Монаршья чета Ковира и в этом отношении была исключением. Эстерад Тиссен и Зулейка всегда почивали вместе — в одной спальне, на одном гигантском ложе под огромным балдахином.
Перед тем как уснуть, Зулейка, нацепив очки, в которых стыдилась показываться подданным, обычно почитывала свою Хорошую Книгу. Эстерад Тиссен обычно болтал.
В ту ночь тоже все было как обычно. Эстерад натянул ночной колпак и взял в руки скипетр. Он обожал держать скипетр и поигрывать им, но не делал этого на людях, ибо опасался, как бы подданные не сочли его претенциозным.
— Знаешь, Зулейка, — болтал он, — преудивительнейшие меня последнее время посещают сны. Уж которую ночь кряду мне снится та ведьма, моя матушка. Встанет надо мной и долдонит: «Есть у меня жена для Танкреда, есть жена для Танкреда». И показывает симпатичную, но очень уж юную девочку. И знаешь, Зулейка, что это за девочка? Цири, внучка Калантэ. Ты помнишь Калантэ, Зулейка?
— Помню, супруг мой.
— Цири, — продолжал Эстерад, поигрывая скипетром, — это та, на которой якобы хочет жениться Эмгыр вар Эмрейс. Странный марьяж, поразительный… Так каким же, черт побери, образом она может стать женой Танкреда?
— Танкреду, — голос у Зулейки немного изменился, как всегда, когда она говорила о сыне, — не помешала бы жена. Может, остепенится…
— Возможно, — вздохнул Эстерад. — Хоть сомневаюсь, но возможно… Во всяком случае, супружество дает какой-то шанс.

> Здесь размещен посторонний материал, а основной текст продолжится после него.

lemma mixedpair_Mproj:
  fixes LU :: "('a::finite) el fset \<times> 'a el fset"
  assumes proj_lvl: "\<And>x :: 'a el. x \<in> lvl (Suc k) \<Longrightarrow> proj k x \<in> lvl k"
    and LU: "mixedpair (lvl (Suc k)) LU"
  shows "mixedpair (lvl k) (Mproj k LU)"
proof -
  obtain L U where [simp]: "LU = (L, U)" by force
  have "\<exists>z\<in>fset (dcl k (proj k |`| L)) \<inter> fset (ucl k (proj k |`| U)). le y z"
    if "y \<in> fset (dcl k (proj k |`| L))" for y
  proof -
    from that obtain l where l: "l \<in> fset L" "le y (proj k l)" by auto
    with LU obtain z where z: "z \<in> fset L" "z \<in> fset U" "le l z"
      using mixedpair_fst_convex by fastforce
    then have "proj k z \<in> lvl k" using LU mixedpair_snd_subset proj_lvl by fastforce
    moreover have "le y (proj k z)" using l z proj_mono le_el_trans by blast
    ultimately show ?thesis using z by (intro bexI[of _ "proj k z"] IntI) (auto intro!: bexI[of _ z])
  qed
  then show ?thesis by (auto simp: mixedpair_iff Mproj_def intro: le_el_trans)
qed

lemma proj_lvl: "x \<in> lvl (Suc k) \<Longrightarrow> proj k x \<in> lvl k"
  for x :: "('a::finite) el"
proof (induction k arbitrary: x)
  case (Suc k)
  from Suc.prems obtain f where "x = Nd f" "\<And>\<alpha>. mixedpair (lvl (Suc k)) (f \<alpha>)"
    by (blast elim: lvl_SucE)
  with Suc.IH show ?case by (simp only: proj_Suc_Nd Nd_in_lvl_Suc) (blast intro: mixedpair_Mproj)
qed simp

Хм-м-м… Интересно! Цири… Ковир и Цинтра… Устье Яруги! Недурно звучит, недурно. Удачный был бы союз… Удачное родство… Однако если эту малышку присмотрел для себя Эмгыр… Только вот чего ради именно она является мне в снах? И почему, черт побери, мне вообще снится такая ересь? Во время Эквинокция, помнишь, когда я тебя тоже разбудил… Бр-р-р, какой же это был кошмар, чертовски рад, что не могу вспомнить подробностей… Хм-м-м… А может, призвать какого-нибудь астролога? Ворожея? Медиума?

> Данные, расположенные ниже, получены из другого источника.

(* Let $\vartheta$ be a real number, $d$ a positive integer, $\tau_1,\tau_2$ positive real numbers, and $\sigma$ a non-decreasing positive function on the positive integers with $\lim_{n\to\infty}\sigma(n)=\infty$. Assume there is a sequence $(P_n)_{n\ge0}$ of polynomials in $\mathbb{Z}[X]$, with $P_n$ of degree at most $d$ and length at most $e^{\sigma(n)}$, such that $$e^{-(\tau_1+o(1))\sigma(n)}\le|P_n(\vartheta)|\le e^{-(\tau_2+o(1))\sigma(n+1)}.$$ Then $\tau_2\le d+d(\tau_1-\tau_2)$.
   Context: The length of a polynomial with integer coefficients is the sum of the absolute values of its coefficients. $o(1)$ denotes quantities tending to $0$ as $n\to\infty$. *)

theory Defs
  imports Complex_Main "HOL-Computational_Algebra.Polynomial"
begin

definition poly_length :: "int poly \<Rightarrow> int" where
  "poly_length p = (\<Sum>i\<le>degree p. \<bar>coeff p i\<bar>)"

end

theory Submission
  imports Defs
begin

(*
  Put v_n = P_n(theta) and, for small eta > 0,
  a = tau1 + eta and b = tau2 - eta, so that eventually
      exp(-a sigma(n)) <= |v_n| <= exp(-b sigma(n+1)).
  Given a simultaneous approximation |q theta^k - y_k| <= delta (0 <= k <= d) with q large, pick
  the index m where b sigma(m) <= ln(3q) <= b sigma(m+1).  The integer sum_k c_k y_k, with c_k
  the coefficients of P_m, is either 0 or of absolute value >= 1; both cases force
  delta >= C q^(-mu) with mu = (1 + a - b)/b.  After rescaling, this lower bound holds for every
  denominator q >= 1, and comparing it with Dirichlet's theorem on simultaneous approximation
  of theta, ..., theta^d yields d mu >= 1, i.e. b <= d (1 + a - b).  Letting eta -> 0 gives
  tau2 <= d + d (tau1 - tau2).
*)

lemma poly_of_int_as_sum:
  fixes p :: "int poly"
  assumes "degree p \<le> d"
  shows "poly (map_poly real_of_int p) x = (\<Sum>i\<le>d. real_of_int (coeff p i) * x^i)"
proof -
  have deg: "degree (map_poly real_of_int p) = degree p"
    by (rule degree_map_poly) simp
  have "poly (map_poly real_of_int p) x
      = (\<Sum>i\<le>degree (map_poly real_of_int p). coeff (map_poly real_of_int p) i * x^i)"
    by (rule poly_altdef)
  also have "\<dots> = (\<Sum>i\<le>d. coeff (map_poly real_of_int p) i * x^i)"
    by (rule sum.mono_neutral_left) (use assms deg in \<open>auto simp: coeff_eq_0\<close>)
  finally show ?thesis
    by (simp add: coeff_map_poly)
qed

— Сейчас в Лан Эксетере пребывает госпожа Шеала де Танкарвилль.
— Нет, — поморщился король. — Этой чародейки я не хочу. Она слишком уж мудра. У меня под боком вырастает вторая Филиппа Эйльхарт. Мудрых баб слишком влечет аромат власти, их нельзя раззадоривать ласками и доверием.
— Ты, дорогой супруг, как всегда, прав.
— Хм-м-м… Но эти сны…
— Хорошая Книга, — Зулейка перелистнула несколько страниц, — говорит, что, когда человек засыпает, боги открывают ему уши и говорят к нему… А вот пророк Лебеда учит, что, видя сон, видишь либо великую мудрость, либо великую глупость… Искусство состоит в том, чтобы распознать, что именно.

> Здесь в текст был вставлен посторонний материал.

(* Let $N>2$ be an odd positive integer, $K$ a positive integer, and $0<Z_x\le N$, $0<Z_y\le K$ integers. Let $f:\mathbb{Z}_N\to\mathbb{Z}_K$ be such that for all integers $a,b$ with $-Z_x<a<Z_x$, $a\ne0$, $-Z_y<b<Z_y$, the equation $f(x+a)-f(x)=b$ (with $x+a$ computed in $\mathbb{Z}_N$ and the equation in $\mathbb{Z}_K$) has at most one solution $x\in\mathbb{Z}_N$. For $0\le k<N$ let $\mathbf{a}_k=(a_k(0),\dots,a_k(K-1))$ with $a_k(t)=\omega_K^{tf(k)}$. Let $\mathbf{h}_0,\dots,\mathbf{h}_{N-1}$ be unimodular complex sequences of length $N$ such that for all $0\le i\ne j<N$ and all $0\le v<N$, $$\Big|\sum_{n=0}^{N-1}h_i(n)h_j^*(n)\Big|\le 1,\qquad \Big|\sum_{n=0}^{N-1}h_i(n)h_j^*(n)\omega_N^{nv}\Big|<N.$$ For $0\le i<N$ define $\mathbf{s}_i$ of length $NK$ by $s_i(tN+k)=h_i(k)a_k(t)$ for $0\le t<K$, $0\le k<N$, and let $\mathcal{S}=\{\mathbf{s}_0,\dots,\mathbf{s}_{N-1}\}$. Then $\mathcal{S}$ is an aperiodic $(N,NK,\Pi,K+Z_x-1)$-LAZ sequence set with $\Pi=(-Z_x,Z_x)\times(-Z_y,Z_y)$; that is, for all integers $(\tau,v)\in\Pi$: $|\hat{AF}_{\mathbf{s}_i}(\tau,v)|\le K+Z_x-1$ for every $i$ whenever $(\tau,v)\ne(0,0)$, and $|\hat{AF}_{\mathbf{s}_i,\mathbf{s}_j}(\tau,v)|\le K+Z_x-1$ for all $i\ne j$.
   Context: $\omega_L=e^{2\pi\sqrt{-1}/L}$, $z^*$ is complex conjugation, and a sequence is unimodular if all entries have modulus 1. For sequences $\mathbf{a},\mathbf{b}$ of length $L$, the aperiodic cross-ambiguity function is $\hat{AF}_{\mathbf{a},\mathbf{b}}(\tau,v)=\sum_{t=0}^{L-1-\tau}a(t)b^*(t+\tau)\omega_L^{vt}$ for $0\le\tau\le L-1$, $\hat{AF}_{\mathbf{a},\mathbf{b}}(\tau,v)=\sum_{t=-\tau}^{L-1}a(t)b^*(t+\tau)\omega_L^{vt}$ for $-L<\tau<0$, and $0$ for $|\tau|\ge L$; $\hat{AF}_{\mathbf{a}}=\hat{AF}_{\mathbf{a},\mathbf{a}}$. A set of $M$ sequences of length $L$ is an $(M,L,\Pi,\hat\theta)$-LAZ aperiodic sequence set if the maximum of $|\hat{AF}_{\mathbf{a}}(\tau,v)|$ over sequences in the set and $(0,0)\ne(\tau,v)\in\Pi$, and of $|\hat{AF}_{\mathbf{a},\mathbf{b}}(\tau,v)|$ over distinct $\mathbf{a},\mathbf{b}$ in the set and $(\tau,v)\in\Pi$, is $\hat\theta$ (here: at most $\hat\theta$). *)

theory Defs
  imports "HOL-Analysis.Analysis"
begin

definition omega :: "nat \<Rightarrow> complex" where
  "omega L = exp (2 * pi * \<i> / of_nat L)"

— Женитьбу Танкреда на возможной невесте Эмгыра вряд ли можно считать великой мудростью! — вздохнул Эстерад. — А если уж говорить о мудрости, то я б хотел, чтобы таковая снизошла на меня во сне. Речь о деле, с которым сюда прибыл Дийкстра. Очень сложное дело. Потому что, видишь ли, дражайшая моя Зулейка, рассудок не позволяет мне ликовать, когда Нильфгаард безостановочно прет на север и в любой момент может занять Новиград, ибо из Новиграда все, в том числе и наш нейтралитет, выглядит иначе, нежели с дальнего юга. Так что хорошо было бы, если б Редания и Темерия остановили натиск Нильфгаарда и прогнали агрессора вновь за Яругу. Но будет ли хорошо, ежели они сделают это за наши деньги? Ты слушаешь меня, о любимая супруга?
— Я слушаю тебя, любезный супруг мой.
— И что ты на это скажешь?
— Всяческую мудрость вмещает в себя Хорошая Книга.
— А не говорит ли твоя Хорошая Книга, что делать, когда приходит этакий Дийкстра и домогается от тебя миллиона?
— Книга, — заморгала поверх очков Зулейка, — ничего не говорит о бесчестных деньгах. Но в одном из стихов сказано: давать есть большее счастье, нежели брать, а поддерживать убогого милостыней есть благородство. Сказано: раздай все, и это облагородит душу твою.
— Ну да, а мешок и брюхо — выпотрошит, — проворчал Эстерад Тиссен. — А что, Зулейка, кроме стихов о благородном одарении и раздаче милостыни, не содержит ли Книга каких-либо мудростей, касающихся интереса? К примеру, что Книга говорит об эквивалентном обмене?
Королева поправила очки и принялась быстро листать инкунабулу.
— Как Иаков богам, так и боги Иакову, — прочитала она.
Эстерад долго молчал, наконец медленно проговорил:
— А еще что-нибудь?
Зулейка снова принялась терзать Книгу.
— Нашла, — наконец сказала она, — кое-что в премудрости пророка Лебеды. Прочесть?
— Сделай милость.
— Пророк Лебеда учит: воистину убогого подаянием поддержи. Но вместо того чтобы дать убогому целый арбуз, дай ему пол-арбуза, ибо иначе убогий может свихнуться от счастья.
— Пол-арбуза, — фыркнул Эстерад Тиссен. — Стало быть, полмиллиона бизантов? А ведомо ли тебе, Зулейка, что иметь полмиллиона и не иметь полмиллиона — это в сумме получается целый миллион?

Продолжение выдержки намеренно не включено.